§ **Task to complete**
Exactly as written, give back every record below.

§ **The records**
┄┄┄┄┄┄┄┄┄┄

lemma has_real_derivative_straddle_gauge:
  fixes f :: "real \<Rightarrow> real"
  assumes "\<And>x. x \<in> S \<Longrightarrow> (f has_real_derivative f' x) (at x within T)" and "\<epsilon> > 0"
  obtains \<gamma> where "gauge \<gamma>"
    and "\<And>p x K. p tagged_partial_division_of T \<Longrightarrow> \<gamma> fine p \<Longrightarrow> (x, K) \<in> p \<Longrightarrow> x \<in> S \<Longrightarrow>
      \<bar>f (Sup K) - f (Inf K) - f' x * measure lborel K\<bar> \<le> \<epsilon> * measure lborel K"
proof -
  have "\<forall>x. \<exists>\<delta>>0. x \<in> S \<longrightarrow>
      (\<forall>y\<in>T. \<bar>y - x\<bar> < \<delta> \<longrightarrow> \<bar>f y - f x - f' x * (y - x)\<bar> \<le> \<epsilon> * \<bar>y - x\<bar>)"
  proof
    fix x show "\<exists>\<delta>>0. x \<in> S \<longrightarrow>
        (\<forall>y\<in>T. \<bar>y - x\<bar> < \<delta> \<longrightarrow> \<bar>f y - f x - f' x * (y - x)\<bar> \<le> \<epsilon> * \<bar>y - x\<bar>)"
    proof (cases "x \<in> S")
      case True
      then show ?thesis
        using assms \<open>\<epsilon> > 0\<close>
        unfolding has_field_derivative_def has_derivative_within_alt real_norm_def
        by (metis mult.commute)
    qed (auto intro: zero_less_one)
  qed
  then obtain \<delta> where \<delta>: "\<And>x. \<delta> x > 0" and
    near: "\<And>x y. x \<in> S \<Longrightarrow> y \<in> T \<Longrightarrow> \<bar>y - x\<bar> < \<delta> x \<Longrightarrow>
      \<bar>f y - f x - f' x * (y - x)\<bar> \<le> \<epsilon> * \<bar>y - x\<bar>"
    by metis
  show thesis
  proof (rule that)
    show "gauge (\<lambda>x. ball x (\<delta> x))" using \<delta> by (simp add: gauge_ball_dependent)
    fix p x K
    assume p: "p tagged_partial_division_of T" and "(\<lambda>x. ball x (\<delta> x)) fine p"
      and xK: "(x, K) \<in> p" and x: "x \<in> S"
    note K = tagged_partial_division_real_interval[OF p xK]
    define u v where "u = Inf K" and "v = Sup K"
    have "u \<in> ball x (\<delta> x)" "v \<in> ball x (\<delta> x)" "u \<in> T" "v \<in> T"
      using fineD[OF \<open>(\<lambda>x. ball x (\<delta> x)) fine p\<close> xK] K(4,7,8) by (auto simp: u_def v_def)
    then have "\<bar>f u - f x - f' x * (u - x)\<bar> \<le> \<epsilon> * (x - u)"
      and "\<bar>f v - f x - f' x * (v - x)\<bar> \<le> \<epsilon> * (v - x)"
      using near[OF x, of u] near[OF x, of v] K(2,3)
      by (auto simp: u_def v_def dist_real_def abs_minus_commute)
    then show "\<bar>f (Sup K) - f (Inf K) - f' x * measure lborel K\<bar> \<le> \<epsilon> * measure lborel K"
      unfolding K(5) u_def[symmetric] v_def[symmetric] by (simp add: abs_le_iff algebra_simps)
  qed
qed

lemma tagged_division_increment_sum_le:
  fixes f h :: "real \<Rightarrow> real"
  assumes "a \<le> b" and p: "p tagged_division_of {a..b}"
    and tag: "\<And>x K. (x, K) \<in> p \<Longrightarrow>
      \<bar>f (Sup K) - f (Inf K) - measure lborel K * h x\<bar> \<le> \<epsilon> * measure lborel K + c x K"
  shows "\<bar>(\<Sum>(x,K)\<in>p. measure lborel K * h x) - (f b - f a)\<bar> \<le> \<epsilon> * (b - a) + (\<Sum>(x,K)\<in>p. c x K)"
proof -
  have "\<bar>(\<Sum>(x,K)\<in>p. measure lborel K * h x) - (f b - f a)\<bar>
      = \<bar>\<Sum>(x,K)\<in>p. f (Sup K) - f (Inf K) - measure lborel K * h x\<bar>"
    using additive_tagged_division_1[OF \<open>a \<le> b\<close> p, of f]
    by (simp add: split_def sum_subtractf abs_minus_commute)
  also have "\<dots> \<le> (\<Sum>(x,K)\<in>p. \<bar>f (Sup K) - f (Inf K) - measure lborel K * h x\<bar>)"
    by (rule sum_abs[THEN order_trans]) (simp add: split_def)
  also have "\<dots> \<le> (\<Sum>(x,K)\<in>p. \<epsilon> * measure lborel K + c x K)"
    using tag by (intro sum_mono) auto
  also have "\<dots> = \<epsilon> * (b - a) + (\<Sum>(x,K)\<in>p. c x K)"
    using additive_content_tagged_division[of p a b] p \<open>a \<le> b\<close>
    by (simp add: split_def sum.distrib sum_distrib_left[symmetric])
  finally show ?thesis .
qed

┄┄┄┄┄┄┄┄┄┄

§ **Answer below**
lemma has_real_derivative_straddle_gauge:
  fixes f :: "real \<Rightarrow> real"
  assumes "\<And>x. x \<in> S \<Longrightarrow> (f has_real_derivative f' x) (at x within T)" and "\<epsilon> > 0"
  obtains \<gamma> where "gauge \<gamma>"
    and "\<And>p x K. p tagged_partial_division_of T \<Longrightarrow> \<gamma> fine p \<Longrightarrow> (x, K) \<in> p \<Longrightarrow> x \<in> S \<Longrightarrow>
      \<bar>f (Sup K) - f (Inf K) - f' x * measure lborel K\<bar> \<le> \<epsilon> * measure lborel K"
proof -
  have "\<forall>x. \<exists>\<delta>>0. x \<in> S \<longrightarrow>
      (\<forall>y\<in>T. \<bar>y - x\<bar> < \<delta> \<longrightarrow> \<bar>f y - f x - f' x * (y - x)\<bar> \<le> \<epsilon> * \<bar>y - x\<bar>)"
  proof
    fix x show "\<exists>\<delta>>0. x \<in> S \<longrightarrow>
        (\<forall>y\<in>T. \<bar>y - x\<bar> < \<delta> \<longrightarrow> \<bar>f y - f x - f' x * (y - x)\<bar> \<le> \<epsilon> * \<bar>y - x\<bar>)"
    proof (cases "x \<in> S")
      case True
      then show ?thesis
        using assms \<open>\<epsilon> > 0\<close>
        unfolding has_field_derivative_def has_derivative_within_alt real_norm_def
        by (metis mult.commute)
    qed (auto intro: zero_less_one)
  qed
  then obtain \<delta> where \<delta>: "\<And>x. \<delta> x > 0" and
    near: "\<And>x y. x \<in> S \<Longrightarrow> y \<in> T \<Longrightarrow> \<bar>y - x\<bar> < \<delta> x \<Longrightarrow>
      \<bar>f y - f x - f' x * (y - x)\<bar> \<le> \<epsilon> * \<bar>y - x\<bar>"
    by metis
  show thesis
  proof (rule that)
    show "gauge (\<lambda>x. ball x (\<delta> x))" using \<delta> by (simp add: gauge_ball_dependent)
    fix p x K
    assume p: "p tagged_partial_division_of T" and "(\<lambda>x. ball x (\<delta> x)) fine p"
      and xK: "(x, K) \<in> p" and x: "x \<in> S"
    note K = tagged_partial_division_real_interval[OF p xK]
    define u v where "u = Inf K" and "v = Sup K"
    have "u \<in> ball x (\<delta> x)" "v \<in> ball x (\<delta> x)" "u \<in> T" "v \<in> T"
      using fineD[OF \<open>(\<lambda>x. ball x (\<delta> x)) fine p\<close> xK] K(4,7,8) by (auto simp: u_def v_def)
    then have "\<bar>f u - f x - f' x * (u - x)\<bar> \<le> \<epsilon> * (x - u)"
      and "\<bar>f v - f x - f' x * (v - x)\<bar> \<le> \<epsilon> * (v - x)"
      using near[OF x, of u] near[OF x, of v] K(2,3)
      by (auto simp: u_def v_def dist_real_def abs_minus_commute)
    then show "\<bar>f (Sup K) - f (Inf K) - f' x * measure lborel K\<bar> \<le> \<epsilon> * measure lborel K"
      unfolding K(5) u_def[symmetric] v_def[symmetric] by (simp add: abs_le_iff algebra_simps)
  qed
qed

lemma tagged_division_increment_sum_le:
  fixes f h :: "real \<Rightarrow> real"
  assumes "a \<le> b" and p: "p tagged_division_of {a..b}"
    and tag: "\<And>x K. (x, K) \<in> p \<Longrightarrow>
      \<bar>f (Sup K) - f (Inf K) - measure lborel K * h x\<bar> \<le> \<epsilon> * measure lborel K + c x K"
  shows "\<bar>(\<Sum>(x,K)\<in>p. measure lborel K * h x) - (f b - f a)\<bar> \<le> \<epsilon> * (b - a) + (\<Sum>(x,K)\<in>p. c x K)"
proof -
  have "\<bar>(\<Sum>(x,K)\<in>p. measure lborel K * h x) - (f b - f a)\<bar>
      = \<bar>\<Sum>(x,K)\<in>p. f (Sup K) - f (Inf K) - measure lborel K * h x\<bar>"
    using additive_tagged_division_1[OF \<open>a \<le> b\<close> p, of f]
    by (simp add: split_def sum_subtractf abs_minus_commute)
  also have "\<dots> \<le> (\<Sum>(x,K)\<in>p. \<bar>f (Sup K) - f (Inf K) - measure lborel K * h x\<bar>)"
    by (rule sum_abs[THEN order_trans]) (simp add: split_def)
  also have "\<dots> \<le> (\<Sum>(x,K)\<in>p. \<epsilon> * measure lborel K + c x K)"
    using tag by (intro sum_mono) auto
  also have "\<dots> = \<epsilon> * (b - a) + (\<Sum>(x,K)\<in>p. c x K)"
    using additive_content_tagged_division[of p a b] p \<open>a \<le> b\<close>
    by (simp add: split_def sum.distrib sum_distrib_left[symmetric])
  finally show ?thesis .
qed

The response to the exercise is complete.